(Information supplied)
lemma residual_step_norm_sq:
  assumes "t < s" "s < T"
  shows "(norm (residual s))\<^sup>2 \<le> ((T - s) / (T - t))\<^sup>2 * (norm (residual t))\<^sup>2 + (s - t) * step_defect t s"
proof -
  define w p q where "w = residual t" and "p = X_quotient_error t s" and "q = Z_quotient_error t s"
  define h c where "h = s - t" and "c = T - t"
  have h: "0 < h" "h < c" using assms by (auto simp: h_def c_def)
  have L: "0 \<le> L" using lipschitz by (rule lipschitz_on_nonneg)
  have X_step: "X s - X t = h *\<^sub>R (p - w)"
    using h by (simp add: p_def w_def h_def X_quotient_error_def)
  have Z_step: "Z s - Z t = h *\<^sub>R q - (h / c) *\<^sub>R w"
    using h by (simp add: q_def w_def h_def c_def Z_quotient_error_def scaleR_add_right)
  define D where "D = A (X s) - A (X t)"
  have norm_D: "norm D \<le> L * h * norm (p - w)"
    using lipschitz_onD[OF lipschitz, of "X s" "X t"] h by (simp add: dist_norm D_def X_step mult.assoc)
  have "0 \<le> D \<bullet> (X s - X t)" using monotone by (simp add: monotone_op_def D_def)
  then have "0 \<le> D \<bullet> (p - w)" using h by (simp add: X_step zero_le_mult_iff)
  \<comment> \<open>Monotonicity of \<open>A\<close> replaces the sign of \<open>\<langle>A'(X) W, W\<rangle>\<close> in the formal computation.\<close>
  then have "w \<bullet> D \<le> p \<bullet> D" by (simp add: inner_diff_right inner_commute)
  also have "\<dots> \<le> norm p * norm D" by (rule norm_cauchy_schwarz)
  also have "\<dots> \<le> norm p * (L * h * norm (p - w))" using norm_D by (rule mult_left_mono) simp
  also have "\<dots> = h * (L * norm p * norm (p - w))" by (simp add: algebra_simps)
  finally have w_D: "w \<bullet> D \<le> h * (L * norm p * norm (p - w))" .
  define v where "v = h *\<^sub>R q + D"
  have residual_s: "residual s = (1 - h / c) *\<^sub>R w + v"
  proof -
    have "residual s = (Z s - Z t) + (Z t + A (X t)) + D" by (simp add: residual_def D_def)
    then show ?thesis by (simp add: Z_step v_def w_def residual_def algebra_simps)
  qed
  define B where "B = h * (norm w * norm q) + h * (L * norm p * norm (p - w))"
  have "w \<bullet> v \<le> B"
    using add_mono[OF mult_left_mono[OF norm_cauchy_schwarz[of w q]] w_D] h
    by (simp add: B_def v_def inner_add_right)
  moreover have "0 \<le> B" using h L by (simp add: B_def)
  ultimately have "(norm (residual s))\<^sup>2 \<le> (1 - h / c)\<^sup>2 * (norm w)\<^sup>2 + 2 * B + (norm v)\<^sup>2"
    unfolding residual_s using h by (intro norm_sq_scaled_add_le) auto
  moreover have "norm v \<le> h * (norm q + L * norm (p - w))"
    using norm_triangle_ineq[of "h *\<^sub>R q" D] norm_D h by (simp add: v_def algebra_simps)
  then have "(norm v)\<^sup>2 \<le> (h * (norm q + L * norm (p - w)))\<^sup>2"
    by (intro power_mono) auto
  ultimately have "(norm (residual s))\<^sup>2 \<le> (1 - h / c)\<^sup>2 * (norm w)\<^sup>2
      + (2 * B + (h * (norm q + L * norm (p - w)))\<^sup>2)"
    by linarith
  moreover have "1 - h / c = (T - s) / (T - t)" using h by (simp add: h_def c_def field_simps)
  moreover have "2 * B + (h * (norm q + L * norm (p - w)))\<^sup>2 = h * step_defect t s"
    by (simp add: B_def step_defect_def Let_def w_def p_def q_def h_def power2_eq_square algebra_simps)
  ultimately show ?thesis by (simp add: w_def h_def)
qed

lemma residual_ratio_step:
  assumes "t < s" "s < T"
  shows "residual_ratio s \<le> residual_ratio t + (s - t) * (step_defect t s / (T - s)\<^sup>2)"
proof -
  have "residual_ratio s = (norm (residual s))\<^sup>2 / (T - s)\<^sup>2"
    by (simp add: residual_ratio_def power_divide)
  also have "\<dots> \<le> (((T - s) / (T - t))\<^sup>2 * (norm (residual t))\<^sup>2 + (s - t) * step_defect t s) / (T - s)\<^sup>2"
    using residual_step_norm_sq[OF assms] by (rule divide_right_mono) simp
  also have "\<dots> = residual_ratio t + (s - t) * (step_defect t s / (T - s)\<^sup>2)"
    using assms by (simp add: residual_ratio_def power_divide add_divide_distrib)
  finally show ?thesis .
qed

lemma X_quotient_error_tendsto_0: "t \<in> {0..<T} \<Longrightarrow> (X_quotient_error t \<longlongrightarrow> 0) (at_right t)"
  using has_vector_derivative_right_quotient[OF X_has_derivative_residual]
  unfolding X_quotient_error_def[abs_def] by simp

lemma Z_quotient_error_tendsto_0: "t \<in> {0..<T} \<Longrightarrow> (Z_quotient_error t \<longlongrightarrow> 0) (at_right t)"
  using has_vector_derivative_right_quotient[OF Z_has_derivative_residual]
  unfolding Z_quotient_error_def[abs_def] by simp

lemma step_defect_tendsto_0:
  assumes "t \<in> {0..<T}"
  shows "(step_defect t \<longlongrightarrow> 0) (at_right t)"
proof -
  have "(step_defect t \<longlongrightarrow> 2 * norm (residual t) * norm (0::'a) + 2 * L * norm (0::'a) * norm (0 - residual t)
      + (t - t) * (norm (0::'a) + L * norm (0 - residual t))\<^sup>2) (at_right t)"
    unfolding step_defect_def[abs_def] Let_def
    by (intro tendsto_intros X_quotient_error_tendsto_0 Z_quotient_error_tendsto_0 assms)
  then show ?thesis by simp
qed

lemma residual_ratio_right_slope:
  assumes t: "t \<in> {0..<T}" and "e > 0"
  shows "eventually (\<lambda>s. residual_ratio s \<le> residual_ratio t + e * (s - t)) (at_right t)"
proof -
  have "((\<lambda>s. step_defect t s / (T - s)\<^sup>2) \<longlongrightarrow> 0 / (T - t)\<^sup>2) (at_right t)"
    using t by (intro tendsto_intros step_defect_tendsto_0) auto
  then have "eventually (\<lambda>s. step_defect t s / (T - s)\<^sup>2 < e) (at_right t)"
    using \<open>e > 0\<close> by (intro order_tendstoD) auto
  moreover have "eventually (\<lambda>s. t < s \<and> s < T) (at_right t)"
    unfolding eventually_at_right_field using t by (intro exI[of _ T]) auto
  ultimately show ?thesis
  proof eventually_elim
    case (elim s)
    then have "residual_ratio s \<le> residual_ratio t + (s - t) * (step_defect t s / (T - s)\<^sup>2)"
      by (intro residual_ratio_step) auto
    also have "\<dots> \<le> residual_ratio t + (s - t) * e"
      using elim by (intro add_left_mono mult_left_mono) auto
    finally show ?case by (simp add: mult.commute)
  qed
qed

lemma decay_rate_nonneg: "0 \<le> decay_rate"
  using T_pos by (simp add: decay_rate_def)

lemma residual_bound:
  assumes "s \<in> {0..<T}"
  shows "norm (residual s) \<le> decay_rate * (T - s)"
proof -
  have "residual_ratio s \<le> residual_ratio 0"
  proof (rule continuous_right_slopes_nonpos_imp_le[where f = residual_ratio])
    show "continuous_on {0..s} residual_ratio"
      unfolding residual_ratio_def using assms
      by (intro continuous_intros continuous_on_subset[OF continuous_on_residual]) auto
  qed (use assms residual_ratio_right_slope in auto)
  then have "(norm (residual s) / (T - s))\<^sup>2 \<le> decay_rate\<^sup>2"
    by (simp add: residual_ratio_def decay_rate_def)
  then have "norm (residual s) / (T - s) \<le> decay_rate"
    using decay_rate_nonneg by (rule power2_le_imp_le)
  with assms show ?thesis by (simp add: field_simps)
qed

lemma X_has_derivative_at:
  assumes "t \<in> {0<..<T}"
  shows "(X has_vector_derivative - residual t) (at t)"
proof -
  have "(X has_vector_derivative - residual t) (at t within {0<..<T})"
    using assms by (intro has_vector_derivative_within_subset[OF X_has_derivative_residual]) auto
  moreover have "at t within {0<..<T} = at t" using assms by (intro at_within_open) auto
  ultimately show ?thesis by simp
qed

lemma X_increment_bound:
  assumes "0 \<le> s" "s \<le> s'" "s' < T"
  shows "norm (X s' - X s) \<le> decay_rate * (T - s) * (s' - s)"
proof (cases "s = s'")
  case False
  with assms have "s < s'" by simp
  have "norm (X s' - X s) \<le> decay_rate * (T - s) * s' - decay_rate * (T - s) * s"
  proof (rule differentiable_bound_general[OF \<open>s < s'\<close>, where f' = "\<lambda>x. - residual x"])
    show "continuous_on {s..s'} X" using assms by (intro continuous_on_subset[OF continuous_on_X]) auto
    fix x assume x: "s < x" "x < s'"
    then show "(X has_vector_derivative - residual x) (at x)"
      using assms by (intro X_has_derivative_at) auto
    show "((\<lambda>x. decay_rate * (T - s) * x) has_vector_derivative decay_rate * (T - s)) (at x)"
      by (auto intro!: derivative_eq_intros simp: has_real_derivative_iff_has_vector_derivative[symmetric])
    have "norm (residual x) \<le> decay_rate * (T - x)" using x assms by (intro residual_bound) auto
    also have "\<dots> \<le> decay_rate * (T - s)" using x decay_rate_nonneg by (intro mult_left_mono) auto
    finally show "norm (- residual x) \<le> decay_rate * (T - s)" by simp
  qed (intro continuous_intros)
  then show ?thesis by (simp add: algebra_simps)
qed simp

(Work task)
From the listing above, determine how many lines contain "assumes", then write only that number.

(Reply to the task)
7